There are thousands – nay, tens of thousands – of true stories out there that are more than prime for being made into a feature film, but still haven’t primarily because they are about people with more melanin than Hollywood is comfortable with. One such story is the fight of the United Farm Workers union to obtain better conditions for laborers during the 1960s and 70s. Cesar Chavez is the kind of movie we need more of, in that it grants greater representation to Hispanics, a drastically underserved demographic (despite accounting for a quarter of movie ticket sales last year).
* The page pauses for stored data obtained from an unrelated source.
lemma gcl_eq_if_common_subset:
  assumes C1: "C1 \<subseteq> U" "finite C1" "card C1 = n - 1"
    and C2: "C2 \<subseteq> U" "finite C2" "card C2 = n - 1"
    and K: "K \<subseteq> gcl n U R C1" "K \<subseteq> gcl n U R C2" "n - 1 \<le> card K"
  shows "gcl n U R C1 = gcl n U R C2"
proof -
  obtain D where D: "D \<subseteq> K" "card D = n - 1" "finite D"
    using K(3) by (rule obtain_subset_with_card_n)
  have "gcl n U R D = gcl n U R C1"
    by (rule gcl_eq_if_subset[OF C1 D(3,2)]) (use D(1) K(1) in blast)
  moreover have "gcl n U R D = gcl n U R C2"
    by (rule gcl_eq_if_subset[OF C2 D(3,2)]) (use D(1) K(2) in blast)
  ultimately show ?thesis by simp
qed

lemma edge_subset_gcl:
  assumes "K \<in> edges n R Y" "Y \<subseteq> U" "C \<subseteq> K" "card C = n - 1"
  shows "K \<subseteq> gcl n U R C" "gcl n U R C \<noteq> C"
proof -
  have K: "K \<subseteq> U" "card K = n" using assms(1,2) by (auto simp: edges_def)
  then have "finite K" using arity_pos card_eq_0_iff by fastforce
  have "K \<in> edges n R K" using assms(1) by (auto simp: edges_def)
  then have "0 < card (edges n R K)" using finite_edges[OF \<open>finite K\<close>] card_gt_0_iff by blast
  then have "delta n R K \<le> int (n - 1)" using delta_eq_edges[OF \<open>finite K\<close> K(1)] K(2) by simp
  then show sub: "K \<subseteq> gcl n U R C" using assms(3,4) K \<open>finite K\<close> by (intro subset_gcl) auto
  show "gcl n U R C \<noteq> C"
  proof
    assume "gcl n U R C = C"
    then have "card K \<le> card C"
      using sub assms(3) \<open>finite K\<close> by (intro card_mono) (auto intro: finite_subset)
    with K(2) assms(4) arity_pos show False by simp
  qed
qed

lemma delta_Un_family_le:
  assumes I: "finite I" and Y: "finite Y" "Y \<subseteq> U"
    and W: "\<And>i. i \<in> I \<Longrightarrow> finite (W i) \<and> W i \<subseteq> U \<and> delta n R (W i) \<le> int (n - 1)"
    and disj: "\<And>i j. i \<in> I \<Longrightarrow> j \<in> I \<Longrightarrow> i \<noteq> j \<Longrightarrow> edges n R (W i) \<inter> edges n R (W j) = {}"
  shows "delta n R (Y \<union> (\<Union>i\<in>I. W i)) \<le>
         int (card Y) - (\<Sum>i\<in>I. int (card (W i \<inter> Y)) - int (n - 1))"
proof -
  define Z where "Z = Y \<union> (\<Union>i\<in>I. W i)"
  have Z: "finite Z" "Z \<subseteq> U" using I Y W by (auto simp: Z_def)
  have card_Z: "int (card Z) \<le> int (card Y) + (\<Sum>i\<in>I. int (card (W i)) - int (card (W i \<inter> Y)))"
    unfolding Z_def using W by (intro card_Un_UN_le[OF I]) blast
  have "(\<Sum>i\<in>I. card (edges n R (W i))) = card (\<Union>i\<in>I. edges n R (W i))"
    using I W disj by (intro card_UN_disjoint[symmetric]) (auto simp: finite_edges)
  also have "\<dots> \<le> card (edges n R Z)"
    using Z by (intro card_mono finite_edges) (auto simp: Z_def edges_def)
  finally have "(\<Sum>i\<in>I. int (card (edges n R (W i)))) \<le> int (card (edges n R Z))"
    by (simp only: of_nat_sum[symmetric] of_nat_le_iff)
  moreover have "(\<Sum>i\<in>I. int (card (W i)) - int (n - 1)) \<le> (\<Sum>i\<in>I. int (card (edges n R (W i))))"
    using W delta_eq_edges by (intro sum_mono) force
  ultimately have "delta n R Z \<le>
      int (card Y) + (\<Sum>i\<in>I. int (card (W i)) - int (card (W i \<inter> Y)))
        - (\<Sum>i\<in>I. int (card (W i)) - int (n - 1))"
    using card_Z delta_eq_edges[OF Z] by linarith
  also have "\<dots> = int (card Y) - (\<Sum>i\<in>I. int (card (W i \<inter> Y)) - int (n - 1))"
    by (simp add: sum_subtractf)
  finally show ?thesis unfolding Z_def .
qed

end

section \<open>The structure whose maximal cliques are the lines\<close>

locale geo_structure = locally_CC +
  fixes Rhat :: "'a list \<Rightarrow> bool"
  assumes maxcliques_hat: "maxcliques n U Rhat =
      {gcl n U R C | C. C \<subseteq> U \<and> finite C \<and> card C = n - 1 \<and> gcl n U R C \<noteq> C}"
begin

lemma clique_hat_gcl:
  assumes "C \<subseteq> U" "finite C" "card C = n - 1" "gcl n U R C \<noteq> C"
  shows "clique n U Rhat (gcl n U R C)"
proof -
  have "gcl n U R C \<in> maxcliques n U Rhat" using maxcliques_hat assms by blast
  then show ?thesis by (simp add: maxcliques_def)
qed

lemma clique_hat_subset_gcl:
  assumes K: "clique n U Rhat K" and C: "C \<subseteq> K" "finite C" "card C = n - 1"
  shows "K \<subseteq> gcl n U R C" "gcl n U R C \<noteq> C"
proof -
  obtain M where "M \<in> maxcliques n U Rhat" "K \<subseteq> M" by (rule clique_subset_maxclique[OF K])
  then obtain C' where C': "C' \<subseteq> U" "finite C'" "card C' = n - 1" and KC': "K \<subseteq> gcl n U R C'"
    using maxcliques_hat by auto
  then have "gcl n U R C = gcl n U R C'" using C by (intro gcl_eq_if_subset) auto
  with KC' show sub: "K \<subseteq> gcl n U R C" by simp
  have "\<not> K \<subseteq> C"
  proof
    assume "K \<subseteq> C"
    then have "finite K" "card K \<le> card C" using C(2) by (auto intro: finite_subset card_mono)
    moreover from K \<open>finite K\<close> have "n \<le> card K" by (simp add: clique_def)
    ultimately show False using C(3) arity_pos by linarith
  qed
  with sub show "gcl n U R C \<noteq> C" by blast
qed

lemma maxclique_hat_eq_gcl_Int:
  assumes Y: "finite Y" "Y \<subseteq> U" and T: "T \<in> maxcliques n Y (restr Rhat Y)"
    and C: "C \<subseteq> T" "card C = n - 1"
  shows "T = gcl n U R C \<inter> Y"
proof -
  note T' = maxcliques_finite_card[OF Y(1) T]
  have "finite C" using C(1) T'(2) by (rule finite_subset)
  have "clique n Y (restr Rhat Y) T" using T by (simp add: maxcliques_def)
  then have "clique n U Rhat T" using Y(2) by (rule clique_of_restr)
  note TC = clique_hat_subset_gcl[OF this C(1) \<open>finite C\<close> C(2)]
  have "C \<subseteq> U" using C(1) T'(1) Y(2) by blast
  have "clique n Y (restr Rhat Y) (gcl n U R C \<inter> Y)"
  proof (rule clique_restr[OF clique_hat_gcl[OF \<open>C \<subseteq> U\<close> \<open>finite C\<close> C(2) TC(2)]])
    have "card T \<le> card (gcl n U R C \<inter> Y)" using TC(1) T'(1) Y(1) by (intro card_mono) auto
    with T'(3) show "n \<le> card (gcl n U R C \<inter> Y)" by simp
  qed
  moreover have "T \<subseteq> gcl n U R C \<inter> Y" using TC(1) T'(1) by blast
  moreover have "\<not> (clique n Y (restr Rhat Y) K' \<and> T \<subset> K')" for K'
    using T by (simp add: maxcliques_def)
  ultimately show ?thesis by blast
qed

lemma edge_subset_maxclique_hat:
  assumes Y: "finite Y" "Y \<subseteq> U" and K: "K \<in> edges n R Y"
  obtains T where "T \<in> maxcliques n Y (restr Rhat Y)" "K \<subseteq> T"
proof -
  have K': "K \<subseteq> Y" "card K = n" using K by (auto simp: edges_def)
  then have "n - 1 \<le> card K" by simp
  then obtain C where C: "C \<subseteq> K" "card C = n - 1" "finite C" by (rule obtain_subset_with_card_n)
  have "C \<subseteq> U" using C(1) K'(1) Y(2) by blast
  note KC = edge_subset_gcl[OF K Y(2) C(1,2)]
  have "clique n Y (restr Rhat Y) (gcl n U R C \<inter> Y)"
  proof (rule clique_restr[OF clique_hat_gcl[OF \<open>C \<subseteq> U\<close> C(3,2) KC(2)]])
    have "card K \<le> card (gcl n U R C \<inter> Y)" using KC(1) K'(1) Y(1) by (intro card_mono) auto
    with K'(2) show "n \<le> card (gcl n U R C \<inter> Y)" by simp
  qed
  then obtain T where "T \<in> maxcliques n Y (restr Rhat Y)" "gcl n U R C \<inter> Y \<subseteq> T"
    by (rule clique_subset_maxclique)
  with KC(1) K'(1) show thesis using that by blast
qed

lemma delta_hat_le:
  assumes Y: "finite Y" "Y \<subseteq> U"
  shows "delta n Rhat Y \<le> delta n R Y"
proof -
  let ?T = "maxcliques n Y (restr Rhat Y)"
  have fin: "finite ?T" using Y(1) by (rule finite_maxcliques)
  have "edges n R Y \<subseteq> (\<Union>T\<in>?T. edges n R T)"
  proof
    fix K assume K: "K \<in> edges n R Y"
    then obtain T where "T \<in> ?T" "K \<subseteq> T" by (rule edge_subset_maxclique_hat[OF Y])
    with K show "K \<in> (\<Union>T\<in>?T. edges n R T)" by (auto simp: edges_def)
  qed
  then have "card (edges n R Y) \<le> card (\<Union>T\<in>?T. edges n R T)"
    using fin maxcliques_finite_card(2)[OF Y(1)] by (intro card_mono) (auto simp: finite_edges)
  also have "\<dots> \<le> (\<Sum>T\<in>?T. card (edges n R T))" by (rule card_UN_le[OF fin])
  finally have "int (card (edges n R Y)) \<le> (\<Sum>T\<in>?T. int (card (edges n R T)))"
    by (simp only: of_nat_sum[symmetric] of_nat_le_iff)
  also have "\<dots> \<le> (\<Sum>T\<in>?T. int (card T) - int (n - 1))"
  proof (rule sum_mono)
    fix T assume "T \<in> ?T"
    note T' = maxcliques_finite_card[OF Y(1) this]
    show "int (card (edges n R T)) \<le> int (card T) - int (n - 1)"
      using T'(1) Y(2) by (intro card_edges_le[OF T'(2) _ T'(3)]) blast
  qed
  finally show ?thesis
    using delta_eq_sum_maxcliques[OF arity_pos Y(1), where R = Rhat] delta_eq_edges[OF Y] by simp
qed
But it’s also the kind of movie we don’t need any more of, in that it’s not terribly good.
Featuring Michael Peña as the civil rights icon, the film follows Chavez from his helping to found the UFW through to 1975, mainly focusing on the Delano grape strike and the Salad Bowl strike. Chavez, seeing the terrible conditions under which migrant farmers worked, often for dismal pay, organizes them into a force that can agitate for equality. The white establishment, represented by John Malkovich as a farm owner whose name I could not remember if you held a gun to my head, isn’t yielding so easily. The strikers face constant harassment and even physical assault.
If this sounds like a rather generic social justice yarn, that’s because it is. If anything that made Cesar Chavez great or the efforts of the UFW historically vital is present, it’s mainly as an allusion. Peña’s Chavez is a cipher, not even interpreted through the kind of overly affected imitation of the real figure’s mannerisms that we’re used to seeing in biopics. America Ferrera and Rosario Dawson round out the cast as Helen Chavez and Dolores Huerta, two more equally fascinating people who similarly come across in the most blandly heroic way possible. These are all actors whom I love, their abilities neutralized by scripting and direction whose chief intent appears to be making sure that the story is told. This is understandable. It’s a shame that this story hasn’t been told before now, but just giving the audience this information isn’t enough. We need to feel.
Various scenes that illustrate what Cesar Chavez is known for feel like scribbling tick marks on a checklist. There’s a section where he goes on a fast for no other reason than this is one of the things we remember about him. The film’s one big subplot (which is still underdeveloped) has Chavez advising his son against fighting the discrimination he faces on a daily basis with violence. The nighttime, halogen tone-bathed father-son chats serve as the least subtle way possible of conveying Chavez’s philosophy. There are already scenes in which he and his colleagues resist returning the brutality visited upon them by their adversaries. Telling instead of showing is the oldest mistake there is.
There’s little sense of time or place in Cesar Chavez. Like almost all period pieces, it believes that putting on appropriate production design and washing out the colors will be sufficient enough to transport the viewer. It’s just one of many cliched approaches taken by actor-turned-director Diego Luna. It’s not that his work, or the work of anyone else on the film, is incompetent. It’s just that there isn’t a single thing that distinguishes Cesar Chavez from any other biopic, period piece, or labor film. It insists its importance, but is all too ignorable. Cesar Chavez deserves so much better.